__Requirement__
Return all lines of the data in which the string "show" occurs.

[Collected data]
--- --- ---

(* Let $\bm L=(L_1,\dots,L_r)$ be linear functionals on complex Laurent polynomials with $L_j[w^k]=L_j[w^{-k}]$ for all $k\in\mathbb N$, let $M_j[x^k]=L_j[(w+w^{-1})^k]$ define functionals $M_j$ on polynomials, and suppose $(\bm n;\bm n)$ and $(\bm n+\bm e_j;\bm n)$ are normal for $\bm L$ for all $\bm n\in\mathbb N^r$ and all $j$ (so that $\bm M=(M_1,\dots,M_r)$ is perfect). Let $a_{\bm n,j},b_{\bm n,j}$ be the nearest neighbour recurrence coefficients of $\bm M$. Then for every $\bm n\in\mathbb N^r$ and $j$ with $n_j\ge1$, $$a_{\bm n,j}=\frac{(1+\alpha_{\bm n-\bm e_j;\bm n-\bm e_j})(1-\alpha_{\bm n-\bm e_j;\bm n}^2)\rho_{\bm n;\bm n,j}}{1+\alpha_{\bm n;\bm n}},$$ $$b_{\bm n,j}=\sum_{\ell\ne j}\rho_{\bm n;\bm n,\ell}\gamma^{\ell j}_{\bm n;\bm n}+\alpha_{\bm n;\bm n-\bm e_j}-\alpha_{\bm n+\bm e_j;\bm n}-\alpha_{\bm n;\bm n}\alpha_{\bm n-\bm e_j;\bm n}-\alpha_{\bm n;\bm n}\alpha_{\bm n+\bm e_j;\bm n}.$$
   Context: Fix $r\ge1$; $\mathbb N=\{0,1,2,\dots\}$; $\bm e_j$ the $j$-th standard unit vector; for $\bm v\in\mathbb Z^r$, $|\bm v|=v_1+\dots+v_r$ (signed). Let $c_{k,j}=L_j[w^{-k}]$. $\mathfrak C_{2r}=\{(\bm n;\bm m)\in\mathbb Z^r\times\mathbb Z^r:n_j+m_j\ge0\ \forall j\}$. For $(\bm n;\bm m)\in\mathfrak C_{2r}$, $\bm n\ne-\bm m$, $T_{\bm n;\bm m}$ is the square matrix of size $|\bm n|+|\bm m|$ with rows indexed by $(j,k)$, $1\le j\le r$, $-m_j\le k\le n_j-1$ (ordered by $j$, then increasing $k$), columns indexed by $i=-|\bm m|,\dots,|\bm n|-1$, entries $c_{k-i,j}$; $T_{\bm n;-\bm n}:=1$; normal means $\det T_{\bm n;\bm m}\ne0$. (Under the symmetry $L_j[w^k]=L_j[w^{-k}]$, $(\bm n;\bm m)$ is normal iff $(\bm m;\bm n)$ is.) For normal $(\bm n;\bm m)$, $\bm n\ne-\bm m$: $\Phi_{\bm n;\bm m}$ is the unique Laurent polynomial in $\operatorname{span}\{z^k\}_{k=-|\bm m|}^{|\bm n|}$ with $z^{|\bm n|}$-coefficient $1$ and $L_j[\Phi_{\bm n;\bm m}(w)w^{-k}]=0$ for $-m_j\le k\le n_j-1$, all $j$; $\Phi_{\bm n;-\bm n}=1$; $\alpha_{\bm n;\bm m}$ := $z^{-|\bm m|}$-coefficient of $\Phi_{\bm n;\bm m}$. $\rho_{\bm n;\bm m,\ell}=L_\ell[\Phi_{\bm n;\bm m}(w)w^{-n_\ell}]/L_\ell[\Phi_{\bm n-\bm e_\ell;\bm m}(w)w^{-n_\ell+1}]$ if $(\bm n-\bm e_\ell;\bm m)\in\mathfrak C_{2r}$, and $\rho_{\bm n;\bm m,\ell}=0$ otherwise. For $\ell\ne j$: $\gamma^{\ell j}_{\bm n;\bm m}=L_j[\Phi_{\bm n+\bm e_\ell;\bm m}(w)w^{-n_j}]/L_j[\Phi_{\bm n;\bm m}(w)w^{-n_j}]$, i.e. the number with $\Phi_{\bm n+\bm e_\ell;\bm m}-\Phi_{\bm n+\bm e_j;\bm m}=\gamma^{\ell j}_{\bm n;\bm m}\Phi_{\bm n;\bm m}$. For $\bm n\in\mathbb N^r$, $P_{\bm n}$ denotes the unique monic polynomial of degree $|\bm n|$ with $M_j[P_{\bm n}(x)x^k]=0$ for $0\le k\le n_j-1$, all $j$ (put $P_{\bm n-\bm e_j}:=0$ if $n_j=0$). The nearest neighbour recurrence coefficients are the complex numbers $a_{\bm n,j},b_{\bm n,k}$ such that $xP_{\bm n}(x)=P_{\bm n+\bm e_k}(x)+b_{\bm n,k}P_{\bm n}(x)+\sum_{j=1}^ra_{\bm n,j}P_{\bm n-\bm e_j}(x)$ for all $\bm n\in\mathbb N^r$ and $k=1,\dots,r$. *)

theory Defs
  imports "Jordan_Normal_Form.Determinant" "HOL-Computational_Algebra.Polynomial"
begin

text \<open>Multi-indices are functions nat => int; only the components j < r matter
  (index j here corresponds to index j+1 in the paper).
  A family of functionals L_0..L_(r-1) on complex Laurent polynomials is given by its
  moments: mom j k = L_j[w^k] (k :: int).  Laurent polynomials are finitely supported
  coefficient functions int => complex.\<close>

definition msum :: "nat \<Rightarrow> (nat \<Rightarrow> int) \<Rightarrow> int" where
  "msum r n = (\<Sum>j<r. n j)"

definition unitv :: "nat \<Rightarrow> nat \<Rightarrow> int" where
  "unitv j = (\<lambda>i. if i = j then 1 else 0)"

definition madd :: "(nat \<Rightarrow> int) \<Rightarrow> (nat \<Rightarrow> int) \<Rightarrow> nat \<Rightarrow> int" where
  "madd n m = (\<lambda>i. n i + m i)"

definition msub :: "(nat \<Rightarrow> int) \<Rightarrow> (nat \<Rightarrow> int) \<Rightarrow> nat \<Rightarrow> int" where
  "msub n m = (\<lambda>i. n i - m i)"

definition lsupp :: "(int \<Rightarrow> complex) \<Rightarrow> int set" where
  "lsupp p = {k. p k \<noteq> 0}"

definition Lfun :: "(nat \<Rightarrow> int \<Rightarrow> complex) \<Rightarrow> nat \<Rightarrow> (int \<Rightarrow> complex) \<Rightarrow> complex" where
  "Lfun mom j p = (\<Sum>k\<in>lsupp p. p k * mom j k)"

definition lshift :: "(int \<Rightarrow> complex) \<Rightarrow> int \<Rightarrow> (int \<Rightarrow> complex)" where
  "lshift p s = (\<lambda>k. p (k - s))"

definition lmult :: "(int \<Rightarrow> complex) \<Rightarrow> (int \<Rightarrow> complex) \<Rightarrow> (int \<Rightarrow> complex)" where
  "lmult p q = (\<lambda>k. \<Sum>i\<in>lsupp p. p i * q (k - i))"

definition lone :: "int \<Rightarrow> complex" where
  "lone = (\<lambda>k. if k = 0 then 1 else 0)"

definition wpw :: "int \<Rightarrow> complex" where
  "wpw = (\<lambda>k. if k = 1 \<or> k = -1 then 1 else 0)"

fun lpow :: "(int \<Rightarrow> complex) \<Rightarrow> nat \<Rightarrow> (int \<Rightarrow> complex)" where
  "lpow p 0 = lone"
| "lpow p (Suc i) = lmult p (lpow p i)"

--- --- ---

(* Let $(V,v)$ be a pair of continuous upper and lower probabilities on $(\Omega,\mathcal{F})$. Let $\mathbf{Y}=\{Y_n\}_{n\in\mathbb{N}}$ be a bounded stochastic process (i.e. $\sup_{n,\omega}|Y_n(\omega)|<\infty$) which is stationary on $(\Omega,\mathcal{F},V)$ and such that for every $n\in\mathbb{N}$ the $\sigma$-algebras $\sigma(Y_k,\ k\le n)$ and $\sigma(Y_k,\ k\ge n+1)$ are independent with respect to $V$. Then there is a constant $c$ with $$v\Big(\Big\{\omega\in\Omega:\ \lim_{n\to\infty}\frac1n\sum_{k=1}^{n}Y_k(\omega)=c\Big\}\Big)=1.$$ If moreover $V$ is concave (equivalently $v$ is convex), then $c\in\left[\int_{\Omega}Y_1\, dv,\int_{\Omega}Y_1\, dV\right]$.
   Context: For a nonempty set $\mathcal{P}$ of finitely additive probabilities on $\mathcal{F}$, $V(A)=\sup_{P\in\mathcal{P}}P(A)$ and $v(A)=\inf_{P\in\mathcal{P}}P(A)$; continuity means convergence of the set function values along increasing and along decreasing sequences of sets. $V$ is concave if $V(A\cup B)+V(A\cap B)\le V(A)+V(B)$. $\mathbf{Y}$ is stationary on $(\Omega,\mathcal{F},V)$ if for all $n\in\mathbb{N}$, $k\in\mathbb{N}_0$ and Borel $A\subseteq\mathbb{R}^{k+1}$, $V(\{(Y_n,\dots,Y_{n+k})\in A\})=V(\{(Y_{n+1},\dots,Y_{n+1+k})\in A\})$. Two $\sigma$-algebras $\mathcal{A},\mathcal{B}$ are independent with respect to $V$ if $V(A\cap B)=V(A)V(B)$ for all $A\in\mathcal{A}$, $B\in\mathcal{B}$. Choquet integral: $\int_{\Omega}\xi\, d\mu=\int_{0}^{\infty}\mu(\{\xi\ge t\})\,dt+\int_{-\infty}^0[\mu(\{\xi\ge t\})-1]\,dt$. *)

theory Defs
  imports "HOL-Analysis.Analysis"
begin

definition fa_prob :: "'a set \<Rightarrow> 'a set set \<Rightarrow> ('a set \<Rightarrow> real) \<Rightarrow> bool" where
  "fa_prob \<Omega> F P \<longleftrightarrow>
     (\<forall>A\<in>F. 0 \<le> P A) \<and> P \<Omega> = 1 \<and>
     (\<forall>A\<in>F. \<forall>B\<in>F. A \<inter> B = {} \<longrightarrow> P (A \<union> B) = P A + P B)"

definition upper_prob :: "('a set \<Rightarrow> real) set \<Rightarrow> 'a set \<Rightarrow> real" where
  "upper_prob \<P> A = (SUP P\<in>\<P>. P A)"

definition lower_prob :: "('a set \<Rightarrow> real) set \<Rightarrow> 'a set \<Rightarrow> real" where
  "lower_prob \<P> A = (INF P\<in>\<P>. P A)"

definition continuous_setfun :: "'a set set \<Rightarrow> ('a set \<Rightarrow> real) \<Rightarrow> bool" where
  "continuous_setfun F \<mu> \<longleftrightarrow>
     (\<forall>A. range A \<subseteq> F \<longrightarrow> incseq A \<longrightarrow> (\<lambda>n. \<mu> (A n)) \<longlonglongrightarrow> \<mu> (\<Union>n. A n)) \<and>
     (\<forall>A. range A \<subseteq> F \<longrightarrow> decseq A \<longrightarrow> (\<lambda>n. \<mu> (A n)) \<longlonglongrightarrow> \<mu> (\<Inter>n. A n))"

--- --- ---

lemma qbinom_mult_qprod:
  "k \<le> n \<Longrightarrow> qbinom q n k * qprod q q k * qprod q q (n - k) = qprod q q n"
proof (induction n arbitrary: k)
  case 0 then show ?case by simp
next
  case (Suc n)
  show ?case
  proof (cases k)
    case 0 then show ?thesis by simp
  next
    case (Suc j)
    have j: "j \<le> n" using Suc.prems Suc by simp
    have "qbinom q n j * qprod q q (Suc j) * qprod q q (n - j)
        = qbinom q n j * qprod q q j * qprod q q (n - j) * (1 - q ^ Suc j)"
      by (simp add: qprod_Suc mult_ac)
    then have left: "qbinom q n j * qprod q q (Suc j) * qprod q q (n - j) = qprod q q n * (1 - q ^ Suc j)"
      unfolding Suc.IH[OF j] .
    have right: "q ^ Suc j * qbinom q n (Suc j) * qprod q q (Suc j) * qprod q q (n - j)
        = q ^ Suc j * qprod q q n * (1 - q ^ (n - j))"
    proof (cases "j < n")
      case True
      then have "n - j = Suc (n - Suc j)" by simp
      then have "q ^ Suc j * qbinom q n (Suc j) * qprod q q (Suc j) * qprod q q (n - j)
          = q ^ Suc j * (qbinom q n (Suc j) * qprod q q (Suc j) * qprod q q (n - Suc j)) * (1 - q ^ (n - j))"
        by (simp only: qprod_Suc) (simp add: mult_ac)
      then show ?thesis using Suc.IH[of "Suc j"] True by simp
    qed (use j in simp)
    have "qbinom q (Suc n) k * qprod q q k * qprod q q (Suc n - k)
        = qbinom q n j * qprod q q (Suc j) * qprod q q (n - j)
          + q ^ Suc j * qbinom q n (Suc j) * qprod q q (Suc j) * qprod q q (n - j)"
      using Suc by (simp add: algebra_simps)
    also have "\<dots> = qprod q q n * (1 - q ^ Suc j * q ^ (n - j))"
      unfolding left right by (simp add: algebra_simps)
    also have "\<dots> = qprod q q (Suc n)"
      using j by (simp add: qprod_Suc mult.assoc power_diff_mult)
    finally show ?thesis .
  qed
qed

--- --- ---

__Solution below__
  case 0 then show ?case by simp
  show ?case
    case 0 then show ?thesis by simp
      then show ?thesis using Suc.IH[of "Suc j"] True by simp
    finally show ?thesis .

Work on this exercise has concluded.